* [DATA FOR THIS EXERCISE]:
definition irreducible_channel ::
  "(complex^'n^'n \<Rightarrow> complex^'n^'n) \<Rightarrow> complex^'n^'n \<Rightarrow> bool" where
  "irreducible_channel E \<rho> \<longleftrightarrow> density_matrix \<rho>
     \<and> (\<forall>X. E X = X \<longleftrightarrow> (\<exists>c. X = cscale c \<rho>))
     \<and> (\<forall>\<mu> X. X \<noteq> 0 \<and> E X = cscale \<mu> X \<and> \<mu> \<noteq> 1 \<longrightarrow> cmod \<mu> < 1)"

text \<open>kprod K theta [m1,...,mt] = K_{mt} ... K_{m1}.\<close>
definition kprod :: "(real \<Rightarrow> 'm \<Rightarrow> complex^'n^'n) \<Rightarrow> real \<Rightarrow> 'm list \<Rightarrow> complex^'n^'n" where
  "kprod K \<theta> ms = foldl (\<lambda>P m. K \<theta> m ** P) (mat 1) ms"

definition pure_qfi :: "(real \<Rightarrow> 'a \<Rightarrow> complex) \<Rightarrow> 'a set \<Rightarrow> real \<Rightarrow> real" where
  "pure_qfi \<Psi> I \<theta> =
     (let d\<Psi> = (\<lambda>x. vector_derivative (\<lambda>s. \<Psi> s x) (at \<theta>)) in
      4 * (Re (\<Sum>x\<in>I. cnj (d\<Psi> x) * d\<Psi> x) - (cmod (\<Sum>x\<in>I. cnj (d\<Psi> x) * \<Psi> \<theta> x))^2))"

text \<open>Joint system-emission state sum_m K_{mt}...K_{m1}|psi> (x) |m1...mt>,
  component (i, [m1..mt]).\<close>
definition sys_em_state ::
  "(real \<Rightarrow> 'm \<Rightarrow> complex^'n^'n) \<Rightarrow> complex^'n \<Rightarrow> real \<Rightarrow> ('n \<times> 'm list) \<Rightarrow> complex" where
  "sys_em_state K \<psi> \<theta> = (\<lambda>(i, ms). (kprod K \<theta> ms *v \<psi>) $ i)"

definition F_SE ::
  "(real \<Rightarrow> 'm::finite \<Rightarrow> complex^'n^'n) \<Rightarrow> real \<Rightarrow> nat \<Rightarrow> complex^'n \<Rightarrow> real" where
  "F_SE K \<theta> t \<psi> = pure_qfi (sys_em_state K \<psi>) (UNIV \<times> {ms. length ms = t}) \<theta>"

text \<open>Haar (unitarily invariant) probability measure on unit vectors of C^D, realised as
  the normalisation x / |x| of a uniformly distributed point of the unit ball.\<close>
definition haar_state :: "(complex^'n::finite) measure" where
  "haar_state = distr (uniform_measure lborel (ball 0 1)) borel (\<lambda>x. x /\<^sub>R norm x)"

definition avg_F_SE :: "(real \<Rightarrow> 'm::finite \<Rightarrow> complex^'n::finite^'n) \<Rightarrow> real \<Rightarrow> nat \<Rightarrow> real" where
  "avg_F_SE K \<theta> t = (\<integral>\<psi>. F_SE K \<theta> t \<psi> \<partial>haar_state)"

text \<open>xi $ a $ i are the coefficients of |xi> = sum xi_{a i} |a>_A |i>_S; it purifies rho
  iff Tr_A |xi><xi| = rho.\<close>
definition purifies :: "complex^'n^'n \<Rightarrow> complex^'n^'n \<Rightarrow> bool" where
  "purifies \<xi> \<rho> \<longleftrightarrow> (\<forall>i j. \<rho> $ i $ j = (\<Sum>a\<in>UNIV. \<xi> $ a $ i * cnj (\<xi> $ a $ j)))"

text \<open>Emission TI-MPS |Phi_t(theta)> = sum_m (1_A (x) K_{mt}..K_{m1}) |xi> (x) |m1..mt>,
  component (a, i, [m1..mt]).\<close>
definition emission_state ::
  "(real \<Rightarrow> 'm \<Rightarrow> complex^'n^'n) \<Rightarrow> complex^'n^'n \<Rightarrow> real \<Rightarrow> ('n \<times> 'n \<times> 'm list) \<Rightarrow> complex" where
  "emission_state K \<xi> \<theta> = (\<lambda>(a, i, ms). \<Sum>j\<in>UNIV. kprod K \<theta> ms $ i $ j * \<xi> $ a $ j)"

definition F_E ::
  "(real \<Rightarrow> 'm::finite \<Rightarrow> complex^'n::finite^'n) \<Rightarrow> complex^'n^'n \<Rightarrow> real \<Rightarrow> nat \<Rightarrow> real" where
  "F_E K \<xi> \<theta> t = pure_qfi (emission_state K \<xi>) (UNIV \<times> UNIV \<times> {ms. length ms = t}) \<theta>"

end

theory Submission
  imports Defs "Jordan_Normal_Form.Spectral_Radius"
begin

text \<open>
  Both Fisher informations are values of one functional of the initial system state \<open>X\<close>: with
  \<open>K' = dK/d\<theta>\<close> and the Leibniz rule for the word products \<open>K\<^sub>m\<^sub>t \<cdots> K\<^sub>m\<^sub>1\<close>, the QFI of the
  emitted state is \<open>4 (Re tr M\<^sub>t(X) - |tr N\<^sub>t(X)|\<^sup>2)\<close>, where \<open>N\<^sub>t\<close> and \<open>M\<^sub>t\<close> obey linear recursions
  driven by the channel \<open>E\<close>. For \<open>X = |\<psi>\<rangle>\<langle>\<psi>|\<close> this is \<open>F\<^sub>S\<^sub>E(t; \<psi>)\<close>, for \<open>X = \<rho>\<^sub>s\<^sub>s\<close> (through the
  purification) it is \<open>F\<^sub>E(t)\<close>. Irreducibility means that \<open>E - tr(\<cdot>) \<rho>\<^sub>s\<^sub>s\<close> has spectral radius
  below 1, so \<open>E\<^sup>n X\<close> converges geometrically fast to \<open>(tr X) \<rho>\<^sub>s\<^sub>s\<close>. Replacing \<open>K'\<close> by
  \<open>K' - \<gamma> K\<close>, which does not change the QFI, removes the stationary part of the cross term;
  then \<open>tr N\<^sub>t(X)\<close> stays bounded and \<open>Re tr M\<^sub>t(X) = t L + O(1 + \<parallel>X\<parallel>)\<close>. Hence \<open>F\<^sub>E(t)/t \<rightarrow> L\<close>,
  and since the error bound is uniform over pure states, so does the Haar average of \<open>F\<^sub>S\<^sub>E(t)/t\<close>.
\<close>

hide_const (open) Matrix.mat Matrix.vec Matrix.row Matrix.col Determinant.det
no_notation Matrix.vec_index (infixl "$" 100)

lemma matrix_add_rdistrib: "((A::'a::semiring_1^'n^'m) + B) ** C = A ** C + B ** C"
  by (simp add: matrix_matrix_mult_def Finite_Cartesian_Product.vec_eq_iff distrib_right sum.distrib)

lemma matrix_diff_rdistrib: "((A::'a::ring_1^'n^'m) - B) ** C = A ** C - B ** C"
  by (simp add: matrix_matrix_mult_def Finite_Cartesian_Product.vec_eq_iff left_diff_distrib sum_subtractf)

* * *

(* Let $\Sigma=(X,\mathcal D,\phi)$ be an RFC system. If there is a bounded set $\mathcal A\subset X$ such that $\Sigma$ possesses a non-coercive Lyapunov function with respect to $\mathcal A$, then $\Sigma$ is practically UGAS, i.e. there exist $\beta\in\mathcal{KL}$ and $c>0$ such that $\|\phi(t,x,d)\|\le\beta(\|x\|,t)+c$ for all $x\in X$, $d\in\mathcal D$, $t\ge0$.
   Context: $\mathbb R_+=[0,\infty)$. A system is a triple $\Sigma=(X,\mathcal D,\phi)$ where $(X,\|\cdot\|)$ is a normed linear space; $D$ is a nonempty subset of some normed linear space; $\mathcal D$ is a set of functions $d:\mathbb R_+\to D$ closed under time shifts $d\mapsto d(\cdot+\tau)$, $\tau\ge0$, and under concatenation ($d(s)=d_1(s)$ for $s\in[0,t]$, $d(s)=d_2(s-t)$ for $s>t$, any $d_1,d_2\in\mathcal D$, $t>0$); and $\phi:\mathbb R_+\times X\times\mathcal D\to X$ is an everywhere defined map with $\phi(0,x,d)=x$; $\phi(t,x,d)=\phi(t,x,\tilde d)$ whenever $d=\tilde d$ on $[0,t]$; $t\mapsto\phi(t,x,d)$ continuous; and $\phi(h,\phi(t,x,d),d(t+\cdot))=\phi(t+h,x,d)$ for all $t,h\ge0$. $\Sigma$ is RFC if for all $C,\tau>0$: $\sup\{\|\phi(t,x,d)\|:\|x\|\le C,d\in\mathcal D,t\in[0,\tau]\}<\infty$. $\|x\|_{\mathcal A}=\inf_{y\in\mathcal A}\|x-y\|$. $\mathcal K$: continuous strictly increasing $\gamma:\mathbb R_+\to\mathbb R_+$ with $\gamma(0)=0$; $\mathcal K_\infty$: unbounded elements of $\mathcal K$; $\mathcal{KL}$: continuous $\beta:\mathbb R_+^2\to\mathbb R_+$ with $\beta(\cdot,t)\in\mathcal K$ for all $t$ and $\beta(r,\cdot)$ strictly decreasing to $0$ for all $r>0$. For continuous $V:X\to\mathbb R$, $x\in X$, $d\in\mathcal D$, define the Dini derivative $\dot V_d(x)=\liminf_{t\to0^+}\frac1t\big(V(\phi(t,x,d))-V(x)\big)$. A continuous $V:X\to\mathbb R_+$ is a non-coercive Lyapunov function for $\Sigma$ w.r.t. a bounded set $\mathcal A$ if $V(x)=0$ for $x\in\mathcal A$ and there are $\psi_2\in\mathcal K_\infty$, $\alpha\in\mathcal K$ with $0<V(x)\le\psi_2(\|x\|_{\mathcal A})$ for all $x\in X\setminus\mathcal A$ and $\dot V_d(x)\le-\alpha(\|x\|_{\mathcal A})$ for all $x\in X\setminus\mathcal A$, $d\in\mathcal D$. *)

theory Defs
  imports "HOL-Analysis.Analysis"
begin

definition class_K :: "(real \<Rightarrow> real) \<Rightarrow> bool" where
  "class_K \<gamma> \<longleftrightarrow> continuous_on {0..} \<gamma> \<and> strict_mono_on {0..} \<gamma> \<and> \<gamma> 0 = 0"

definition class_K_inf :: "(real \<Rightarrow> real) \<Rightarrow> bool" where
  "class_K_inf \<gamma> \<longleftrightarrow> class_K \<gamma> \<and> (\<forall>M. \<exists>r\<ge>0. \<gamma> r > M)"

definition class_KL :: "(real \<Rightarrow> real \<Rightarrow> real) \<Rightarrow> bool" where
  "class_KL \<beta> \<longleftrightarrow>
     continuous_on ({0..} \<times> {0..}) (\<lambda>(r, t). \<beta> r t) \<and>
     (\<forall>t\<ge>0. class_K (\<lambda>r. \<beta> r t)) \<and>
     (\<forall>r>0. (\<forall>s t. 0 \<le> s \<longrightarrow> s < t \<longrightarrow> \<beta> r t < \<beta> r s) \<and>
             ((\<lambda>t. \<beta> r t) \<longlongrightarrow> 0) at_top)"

* [WORK ORDER]:
Starting with the line with "cscale c \<rho>))" above and going on through the line with "text \<open>Haar (unitarily", transcribe every line exactly, both ends included, and add nothing.

* [ANSWER SECTION]:
     \<and> (\<forall>X. E X = X \<longleftrightarrow> (\<exists>c. X = cscale c \<rho>))
     \<and> (\<forall>\<mu> X. X \<noteq> 0 \<and> E X = cscale \<mu> X \<and> \<mu> \<noteq> 1 \<longrightarrow> cmod \<mu> < 1)"

text \<open>kprod K theta [m1,...,mt] = K_{mt} ... K_{m1}.\<close>
definition kprod :: "(real \<Rightarrow> 'm \<Rightarrow> complex^'n^'n) \<Rightarrow> real \<Rightarrow> 'm list \<Rightarrow> complex^'n^'n" where
  "kprod K \<theta> ms = foldl (\<lambda>P m. K \<theta> m ** P) (mat 1) ms"

definition pure_qfi :: "(real \<Rightarrow> 'a \<Rightarrow> complex) \<Rightarrow> 'a set \<Rightarrow> real \<Rightarrow> real" where
  "pure_qfi \<Psi> I \<theta> =
     (let d\<Psi> = (\<lambda>x. vector_derivative (\<lambda>s. \<Psi> s x) (at \<theta>)) in
      4 * (Re (\<Sum>x\<in>I. cnj (d\<Psi> x) * d\<Psi> x) - (cmod (\<Sum>x\<in>I. cnj (d\<Psi> x) * \<Psi> \<theta> x))^2))"

text \<open>Joint system-emission state sum_m K_{mt}...K_{m1}|psi> (x) |m1...mt>,
  component (i, [m1..mt]).\<close>
definition sys_em_state ::
  "(real \<Rightarrow> 'm \<Rightarrow> complex^'n^'n) \<Rightarrow> complex^'n \<Rightarrow> real \<Rightarrow> ('n \<times> 'm list) \<Rightarrow> complex" where
  "sys_em_state K \<psi> \<theta> = (\<lambda>(i, ms). (kprod K \<theta> ms *v \<psi>) $ i)"

definition F_SE ::
  "(real \<Rightarrow> 'm::finite \<Rightarrow> complex^'n^'n) \<Rightarrow> real \<Rightarrow> nat \<Rightarrow> complex^'n \<Rightarrow> real" where
  "F_SE K \<theta> t \<psi> = pure_qfi (sys_em_state K \<psi>) (UNIV \<times> {ms. length ms = t}) \<theta>"

text \<open>Haar (unitarily invariant) probability measure on unit vectors of C^D, realised as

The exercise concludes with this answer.